White House releases net zero roadmap

The White House this morning announced a new initiative to help achieve net-zero emissions and promised to direct research and billions of federal dollars toward 37 “game-changing” energy technologies.

The Net-Zero Game Changers initiative, as it is called, is led by a 17-agency task force, chaired by President Joe Biden’s climate advisers. The administration also released a new roadmap identifying five initial key areas for energy research and development to achieve net zero by 2050: power grids, aviation, fusion energy, efficient buildings and net zero fuels and industrial products.

According to the administration, scaling up federal work in these five areas could generate climate jobs and environmental justice benefits and improve the nation’s energy security.

“The purpose of this exercise is to accelerate deployment even faster and further,” Arati Prabhakar, director of the White House Office of Science and Technology Policy, said in a call with reporters yesterday.

As part of the initiative, the administration will pour funds from the bipartisan Infrastructure Act, the CHIPS and Science Act and the Cut Inflation Act into the five areas, the White House said. . Federal agencies will also strengthen their own coordination in priority areas and establish roadmaps to improve technologies at the laboratory scale and to generalize them.

Shalanda Young, director of the White House Office of Management and Budget, said on the call that the new roadmap will serve as a “comprehensive climate innovation strategy to help guide all of these investments.”

The White House said it has identified the 37 categories of “game-changing” technologies in federal agencies. They include advanced forms of nuclear, solar and geothermal power generation; advanced batteries, electric planes and high-speed trains; low carbon forms of aluminum, chemicals and concrete; emission reductions from livestock and agriculture; and direct air capture or other forms of CO2 removal.

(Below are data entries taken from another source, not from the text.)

lemma derives_Gamma_framed:
  assumes "x \<notin> set ts" and "distinct ts"
    and len: "length LRs = Suc (length ts)" "length ks = Suc (length ts)" "length ks' = Suc (length ts)"
      "length Cs = length ts"
    and h: "holds M (pattern x ks ts) (pattern x ks' ts)"
  shows "derives (Gamma M) (interleave (framed x LRs ks) Cs) (interleave (framed x LRs ks') Cs)"
proof -
  \<comment> \<open>each \<open>t\<^sub>i\<close> becomes the material between the \<open>x\<close>-runs of the two frames next to it\<close>
  define \<theta> where "\<theta> a = (if a = x then [x]
      else case map_of (zip ts [0..<length ts]) a of
        Some i \<Rightarrow> snd (LRs ! i) @ Cs ! i @ fst (LRs ! Suc i) | None \<Rightarrow> [])" for a
  have \<theta>_x: "\<theta> x = [x]"
    by (simp add: \<theta>_def)
  moreover have \<theta>_ts: "\<forall>i < length ts. \<theta> (ts ! i) = snd (LRs ! i) @ Cs ! i @ fst (LRs ! Suc i)"
  proof (intro allI impI)
    fix i
    assume "i < length ts"
    then have "ts ! i \<noteq> x" and "map_of (zip ts [0..<length ts]) (ts ! i) = Some i"
      using assms(1) map_of_zip_nth[OF _ assms(2), of "[0..<length ts]" i] by auto
    then show "\<theta> (ts ! i) = snd (LRs ! i) @ Cs ! i @ fst (LRs ! Suc i)"
      by (simp add: \<theta>_def)
  qed
  have "(pattern x ks ts, pattern x ks' ts) \<in> Gamma M"
    using h pattern_almost_linear len assms(2) by (simp add: Gamma_def)
  moreover have "fst (hd LRs) @ subst \<theta> (pattern x ks ts) @ snd (last LRs) = interleave (framed x LRs ks) Cs"
    by (rule subst_pattern[OF \<theta>_x len(1,2,4) \<theta>_ts])
  moreover have "fst (hd LRs) @ subst \<theta> (pattern x ks' ts) @ snd (last LRs) = interleave (framed x LRs ks') Cs"
    by (rule subst_pattern[OF \<theta>_x len(1,3,4) \<theta>_ts])
  ultimately show ?thesis
    by (metis derives_instance)
qed

lemma subst_assemble_append_separator:
  assumes "distinct ts" and "j < length ts" and "length B = Suc (length ts)"
    and "\<forall>b \<in> set B. ts ! j \<notin> set b"
  shows "subst (\<lambda>a. if a = ts ! j then a # W else [a]) (assemble B ts)
       = assemble (B[Suc j := W @ B ! Suc j]) ts"
proof -
  let ?\<rho> = "\<lambda>a. if a = ts ! j then a # W else [a]" and ?C = "map (\<lambda>t. [t]) ts"
  have "map (subst ?\<rho>) B = B"
    using assms(4) by (auto intro!: map_idI subst_id_on)
  moreover have "map (subst ?\<rho>) ?C = ?C[j := ?C ! j @ W]"
    using assms(1,2) by (auto intro!: nth_equalityI simp: nth_list_update nth_eq_iff_index_eq)
  ultimately show ?thesis
    using interleave_append_separator[of j ?C B W] assms(2,3)
    by (simp add: assemble_def subst_interleave)
qed

lemma holds_prepend_block:
  assumes h: "holds M (assemble bs ts) (assemble bs' ts)"
    and "distinct ts" and i: "i < length bs"
    and len: "length bs = Suc (length ts)" "length bs' = Suc (length ts)"
    and disj: "\<forall>b \<in> set bs \<union> set bs'. set b \<inter> set ts = {}"
  shows "holds M (assemble (bs[i := W @ bs ! i]) ts) (assemble (bs'[i := W @ bs' ! i]) ts)"
proof (cases i)
  case 0
  then show ?thesis
    using holds_context[OF h, of W "[]"] interleave_update_0[of bs _ W] interleave_update_0[of bs' _ W] len
    by (simp add: assemble_def)
next
  case (Suc j)
  have "j < length ts"
    using i len Suc by simp
  then have "ts ! j \<notin> set b" if "b \<in> set bs \<union> set bs'" for b
    using disj that nth_mem[OF \<open>j < length ts\<close>] by blast
  then show ?thesis
    using holds_subst[OF h, of "\<lambda>a. if a = ts ! j then a # W else [a]"] Suc \<open>j < length ts\<close> len
      subst_assemble_append_separator[OF \<open>distinct ts\<close> \<open>j < length ts\<close>] by simp
qed

lemma pattern_split_block:
  assumes "i < length ks" and "length ks = Suc (length ts)"
  shows "pattern x (take i ks @ [a, b] @ drop (Suc i) ks) (take i ts @ [z] @ drop i ts)
       = assemble ((map (\<lambda>k. replicate k x) ks)[i := replicate a x @ [z] @ replicate b x]) ts"
proof -
  let ?E = "map (\<lambda>k. replicate k x) ks" and ?C = "map (\<lambda>t. [t]) ts"
  have len: "i < length ?E" "length ?E = Suc (length ?C)"
    using assms by auto
  have "pattern x (take i ks @ [a, b] @ drop (Suc i) ks) (take i ts @ [z] @ drop i ts)
      = interleave (take i ?E @ [replicate a x, replicate b x] @ drop (Suc i) ?E) (take i ?C @ [[z]] @ drop i ?C)"
    by (simp add: pattern_def assemble_def take_map drop_map)
  also have "\<dots> = left_of i ?E ?C @ replicate a x @ [z] @ replicate b x @ right_of i ?E ?C"
    by (rule interleave_split_block[OF len])
  also have "\<dots> = assemble (?E[i := replicate a x @ [z] @ replicate b x]) ts"
    using interleave_update[OF len] by (simp add: assemble_def)
  finally show ?thesis .
qed

lemma holds_pattern_split_block:
  assumes h: "holds M (pattern x ks ts) (pattern x fs ts)"
    and "distinct ts" and "x \<notin> set ts" and "z \<notin> set ts" and "i < length ks"
    and len: "length ks = Suc (length ts)" "length fs = Suc (length ts)"
  shows "holds M (pattern x (take i ks @ [1, ks ! i] @ drop (Suc i) ks) (take i ts @ [z] @ drop i ts))
           (pattern x (take i fs @ [1, fs ! i] @ drop (Suc i) fs) (take i ts @ [z] @ drop i ts))"
proof -
  let ?E = "map (\<lambda>k. replicate k x) ks" and ?F = "map (\<lambda>k. replicate k x) fs"
  have "holds M (assemble (?E[i := [x, z] @ ?E ! i]) ts) (assemble (?F[i := [x, z] @ ?F ! i]) ts)"
    using h assms(2,3,5) len by (intro holds_prepend_block) (auto simp: pattern_def)
  then show ?thesis
    using pattern_split_block[of i ks ts x 1 "ks ! i" z] pattern_split_block[of i fs ts x 1 "fs ! i" z]
      assms(5) len by simp
qed

lemma interleave_framed_split_block:
  assumes "i < length LRs" and "length LRs = Suc (length C)" and "length ks = length LRs"
  shows "interleave (framed x (take i LRs @ [(L, []), ([], R)] @ drop (Suc i) LRs)
            (take i ks @ [1, ks ! i] @ drop (Suc i) ks)) (take i C @ [Q] @ drop i C)
       = interleave ((framed x LRs ks)[i := L @ [x] @ Q @ replicate (ks ! i) x @ R]) C"
proof -
  have len: "i < length (framed x LRs ks)" "length (framed x LRs ks) = Suc (length C)"
    using assms by auto
  have "framed x (take i LRs @ [(L, []), ([], R)] @ drop (Suc i) LRs) (take i ks @ [1, ks ! i] @ drop (Suc i) ks)
      = take i (framed x LRs ks) @ [L @ [x], replicate (ks ! i) x @ R] @ drop (Suc i) (framed x LRs ks)"
    using framed_split_block[OF assms(1), of ks x "(L, [])" "([], R)" 1 "ks ! i"] assms(3) by simp
  then show ?thesis
    using interleave_split_block[OF len, of "L @ [x]" "replicate (ks ! i) x @ R" Q]
      interleave_update[OF len, of "L @ [x] @ Q @ replicate (ks ! i) x @ R"] by simp
qed

lemma derives_Gamma_split_block:
  assumes "distinct ts" and "x \<notin> set ts" and i: "i < length LRs"
    and len: "length LRs = Suc (length ts)" "length ks = length LRs" "length fs = length LRs"
    and h: "holds M (pattern x ks ts) (pattern x fs ts)"
  shows "derives (Gamma M)
           (assemble ((framed x LRs ks)[i := L @ [x] @ Q @ replicate (ks ! i) x @ R]) ts)
           (assemble ((framed x LRs fs)[i := L @ [x] @ Q @ replicate (fs ! i) x @ R]) ts)"
proof -
  \<comment> \<open>\<open>Q\<close> is the image of a fresh simple letter \<open>z\<close> placed between the two \<open>x\<close>-runs of block \<open>i\<close>\<close>
  obtain z where z: "z \<notin> insert x (set ts)"
    using ex_new_if_finite[OF infinite_UNIV_nat, of "insert x (set ts)"] by blast
  let ?C = "map (\<lambda>t. [t]) ts" and ?ts' = "take i ts @ [z] @ drop i ts"
  let ?split = "\<lambda>ks. take i ks @ [1, ks ! i] @ drop (Suc i) ks"
  have "distinct ?ts'" and "x \<notin> set ?ts'"
    using z assms(1,2) set_take_subset[of i ts] set_drop_subset[of i ts]
      set_take_disj_set_drop_if_distinct[of ts i i]
    by auto
  moreover have "holds M (pattern x (?split ks) ?ts') (pattern x (?split fs) ?ts')"
    using h assms(1,2) z i len by (intro holds_pattern_split_block) auto
  ultimately have "derives (Gamma M)
      (interleave (framed x (take i LRs @ [(L, []), ([], R)] @ drop (Suc i) LRs) (?split ks)) (take i ?C @ [Q] @ drop i ?C))
      (interleave (framed x (take i LRs @ [(L, []), ([], R)] @ drop (Suc i) LRs) (?split fs)) (take i ?C @ [Q] @ drop i ?C))"
    using i len by (intro derives_Gamma_framed) auto
  then show ?thesis
    using interleave_framed_split_block[of i LRs ?C ks x L R Q]
      interleave_framed_split_block[of i LRs ?C fs x L R Q] i len
    by (simp add: assemble_def)
qed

The initiative is based on the idea that the Paris target of zeroing greenhouse gas emissions by 2050 is unattainable without new or vastly improved forms of energy. The International Energy Agency has concluded that nearly half of the emissions reductions needed to reach net zero will have to come from technologies in the demonstration or prototype stage – a conclusion cited by the White House task force .

“Success will require a nearly complete transformation of today’s energy system” – something that would require “unprecedented effort, scale and creativity,” the task force wrote in the roadmap.

However, some of the technologies supported by the White House have come under criticism. Carbon capture and its associated transport and storage infrastructure, for example, are hated by some environmentalists who say they prolong the use of fossil fuels and are expensive.

The administration also announced an initial $1.5 billion in Cut Inflation Act grants to build and upgrade facilities at the nation’s national laboratories, ranging from basic energy science programs fusion energy and advanced computing.

“America is investing heavily in science today to enable the solutions of tomorrow,” Energy Secretary Jennifer Granholm said on the call.

Clean energy innovation, among other types of science and technology, would thwart China’s influence, she argued.

“Two decades ago, we invested up to five times more than China in development, and now we’re barely ahead,” she said.

With new federal funds due to come out of Biden-backed laws, she added, “we can stop giving ground.”

This story also appears in Climate wire.